Выбрать главу

— Идемте, не будем заставлять мисс Дэшвуд ждать.

С самого начала этого разговора Марианна боролась с собой, стараясь держать в узде свои чувства — и теперь, при виде Элинор, привставшей им навстречу с едва скрываемой тревогой на лице, самообладание ее рухнуло. Тяжесть ее положения, ужас, которого она едва избежала, неожиданное и чудесное спасение — все предстало перед ней разом и заново потрясло измученную душу.

— О Элинор! — вскричала Марианна и, бросившись к сестре, разрыдалась у нее на плече.

— Что случилось? — воскликнула Элинор, обратив встревоженный взгляд к полковнику.
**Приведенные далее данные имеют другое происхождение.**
(* For all integers $n\ge1$ the following hold in the $q$-shuffle algebra $\mathbb V$: $$\sum_{k=0}^n G_k\star\tilde G_{n-k}\,q^{n-2k}=q\sum_{k=0}^{n-1}W_{-k}\star W_{n-k}\,q^{n-1-2k},$$ $$\sum_{k=0}^n G_k\star\tilde G_{n-k}\,q^{2k-n}=q\sum_{k=0}^{n-1}W_{n-k}\star W_{-k}\,q^{n-1-2k},$$ $$\sum_{k=0}^n \tilde G_k\star G_{n-k}\,q^{n-2k}=q\sum_{k=0}^{n-1}W_{n-k}\star W_{-k}\,q^{2k+1-n},$$ $$\sum_{k=0}^n \tilde G_k\star G_{n-k}\,q^{2k-n}=q\sum_{k=0}^{n-1}W_{-k}\star W_{n-k}\,q^{2k+1-n}.$$
   Context: Let $\mathbb F$ be a field and let $q\in\mathbb F$ be nonzero and not a root of unity. Let $\mathbb V$ be the free associative $\mathbb F$-algebra on noncommuting $x,y$, with basis the words (including $1$). Juxtaposition denotes concatenation. Set $\langle x,x\rangle=\langle y,y\rangle=2$ and $\langle x,y\rangle=\langle y,x\rangle=-2$. The $q$-shuffle product $\star$ is the bilinear product determined as follows: - $1\star v=v\star 1=v$; - for nontrivial words $u=u_1\cdots u_r$ and $v=v_1\cdots v_s$, $$u\star v=u_1((u_2\cdots u_r)\star v)+v_1(u\star(v_2\cdots v_s))q^{\langle u_1,v_1\rangle+\cdots+\langle u_r,v_1\rangle}.$$ This makes $\mathbb V$ an associative algebra, the $q$-shuffle algebra. For $k\in\mathbb N$: - $W_{-k}=xyx\cdots x$ is the alternating word of length $2k+1$ beginning and ending with $x$; - $W_{k+1}=yxy\cdots y$ is the alternating word of length $2k+1$ beginning and ending with $y$; - $G_k=yxyx\cdots yx$ is the word of length $2k$; - $\tilde G_k=xyxy\cdots xy$ is the word of length $2k$; - $G_0=\tilde G_0=1$. *)

theory Defs
  imports Main "HOL-Library.Poly_Mapping"
begin

text \<open>Letters x, y; words are lists of letters; the free algebra V is the space of
finitely supported F-valued functions on words (basis = words, 1 = empty word).\<close>

datatype letter = X | Y

type_synonym word = "letter list"
type_synonym 'a V = "word \<Rightarrow>\<^sub>0 'a"

fun bform :: "letter \<Rightarrow> letter \<Rightarrow> int" where
  "bform a b = (if a = b then 2 else -2)"

definition wd :: "word \<Rightarrow> 'a::zero_neq_one V" where
  "wd w = Poly_Mapping.single w 1"

definition vsmult :: "'a::semiring_0 \<Rightarrow> 'a V \<Rightarrow> 'a V" where
  "vsmult c f = Poly_Mapping.map (\<lambda>t. c * t) f"

definition prepend :: "letter \<Rightarrow> 'a::comm_monoid_add V \<Rightarrow> 'a V" where
  "prepend a f = (\<Sum>w\<in>Poly_Mapping.keys f. Poly_Mapping.single (a # w) (Poly_Mapping.lookup f w))"

fun qshw :: "'a::field \<Rightarrow> word \<Rightarrow> word \<Rightarrow> 'a V" where
  "qshw q [] v = wd v"
| "qshw q (a # u) [] = wd (a # u)"
| "qshw q (a # u) (b # v) =
     prepend a (qshw q u (b # v))
     + vsmult (q powi (\<Sum>c\<leftarrow>a # u. bform c b)) (prepend b (qshw q (a # u) v))"

definition qshuffle :: "'a::field \<Rightarrow> 'a V \<Rightarrow> 'a V \<Rightarrow> 'a V" where
  "qshuffle q f g = (\<Sum>u\<in>Poly_Mapping.keys f. \<Sum>v\<in>Poly_Mapping.keys g. vsmult (Poly_Mapping.lookup f u * Poly_Mapping.lookup g v) (qshw q u v))"

definition Wneg :: "nat \<Rightarrow> word" where
  "Wneg k = concat (replicate k [X, Y]) @ [X]"
definition Wpos :: "nat \<Rightarrow> word" where  \<comment> \<open>W_{k+1} = yxy...y, length 2k+1\<close>
  "Wpos k = concat (replicate k [Y, X]) @ [Y]"
definition Gw :: "nat \<Rightarrow> word" where
  "Gw k = concat (replicate k [Y, X])"
definition Gtw :: "nat \<Rightarrow> word" where
  "Gtw k = concat (replicate k [X, Y])"

end

theory Submission
  imports Defs
begin

text \<open>
  Compare the coefficient of each word \<open>w\<close> on both sides. The coefficient of \<open>w\<close> in
  \<open>u \<star> v\<close> obeys a recursion in the first letter of \<open>w\<close>. Since \<open>G\<^sub>k\<close> and \<open>G~\<^sub>k\<close>
  pair to zero with every letter, removing an initial \<open>x\<close> or \<open>y\<close> turns both sides of
  the first identity into the same sum; for \<open>y\<close> the factor \<open>q\<^sup>-\<^sup>2\<close> picked up on the
  right matches the index shift \<open>k \<mapsto> k + 1\<close> on the left. The other three identities
  follow from the first by two symmetries of the coefficients: reversing all words
  (which also exchanges the factors, as the form is symmetric) and swapping \<open>x \<leftrightarrow> y\<close>
  (which preserves the form).
\<close>

definition weight :: "word \<Rightarrow> letter \<Rightarrow> int" where
  "weight u c = (\<Sum>d\<leftarrow>u. bform d c)"

definition shuffle_coeff :: "'a::field \<Rightarrow> word \<Rightarrow> word \<Rightarrow> word \<Rightarrow> 'a" where
  "shuffle_coeff q u v w = Poly_Mapping.lookup (qshw q u v) w"

lemma weight_Nil [simp]: "weight [] c = 0"
  and weight_Cons [simp]: "weight (a # u) c = bform a c + weight u c"
  and weight_append [simp]: "weight (u @ v) c = weight u c + weight v c"
  by (simp_all add: weight_def)

lemma lookup_wd: "Poly_Mapping.lookup (wd w :: 'a::zero_neq_one V) w' = (if w = w' then 1 else 0)"
  by (simp add: wd_def lookup_single when_def)

lemma lookup_vsmult: "Poly_Mapping.lookup (vsmult c f) w = c * Poly_Mapping.lookup f w"
  by (simp add: vsmult_def map.rep_eq when_def)

lemma lookup_prepend_Nil: "Poly_Mapping.lookup (prepend a f) [] = 0"
  by (simp add: prepend_def lookup_sum lookup_single)

lemma lookup_prepend_Cons:
  "Poly_Mapping.lookup (prepend a f) (b # w) = (if a = b then Poly_Mapping.lookup f w else 0)"
proof -
  have "Poly_Mapping.lookup (prepend a f) (b # w) =
        (\<Sum>v\<in>Poly_Mapping.keys f. if a = b \<and> v = w then Poly_Mapping.lookup f v else 0)"
    by (simp add: prepend_def lookup_sum lookup_single when_def)
  then show ?thesis
    by (simp add: sum.delta in_keys_iff)
qed

lemma vsmult_one: "vsmult 1 (f :: 'a::semiring_1 V) = f"
  by (rule poly_mapping_eqI) (simp add: lookup_vsmult)

lemma qshuffle_wd: "qshuffle q (wd u) (wd v) = qshw q u v"
  by (simp add: qshuffle_def wd_def lookup_single vsmult_one)

lemma lookup_sum_qshuffle_wd:
  "Poly_Mapping.lookup (\<Sum>k\<in>A. vsmult (c k) (qshuffle q (wd (u k)) (wd (v k)))) w
   = (\<Sum>k\<in>A. c k * shuffle_coeff q (u k) (v k) w)"
  by (simp add: lookup_sum lookup_vsmult qshuffle_wd shuffle_coeff_def)

lemma qshw_Nil_right [simp]: "qshw q u [] = wd u"
  by (cases u) simp_all

lemma shuffle_coeff_Nil_left: "shuffle_coeff q [] v w = (if v = w then 1 else 0)"
  by (simp add: shuffle_coeff_def lookup_wd)

lemma shuffle_coeff_Nil_right: "shuffle_coeff q u [] w = (if u = w then 1 else 0)"
  by (simp add: shuffle_coeff_def lookup_wd)

lemma shuffle_coeff_empty_word: "shuffle_coeff q u v [] = (if u = [] \<and> v = [] then 1 else 0)"
  by (cases u; cases v) (simp_all add: shuffle_coeff_def lookup_wd lookup_add lookup_prepend_Nil lookup_vsmult)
Невозмутимый и суровый, как всегда, вместо прямого ответа на вопрос он заговорил так, словно бы отдавал приказ кому-то из своих офицеров:

— Мисс Дэшвуд, надеюсь, вы не откажетесь стать свидетельницей? В свидетели я приглашу сэра Джона. Все необходимо сделать быстро и в полной тайне.

— Я сделаю все, что вы скажете, если это поможет Марианне… но я вас не понимаю. Что вы задумали? Свидетели чего?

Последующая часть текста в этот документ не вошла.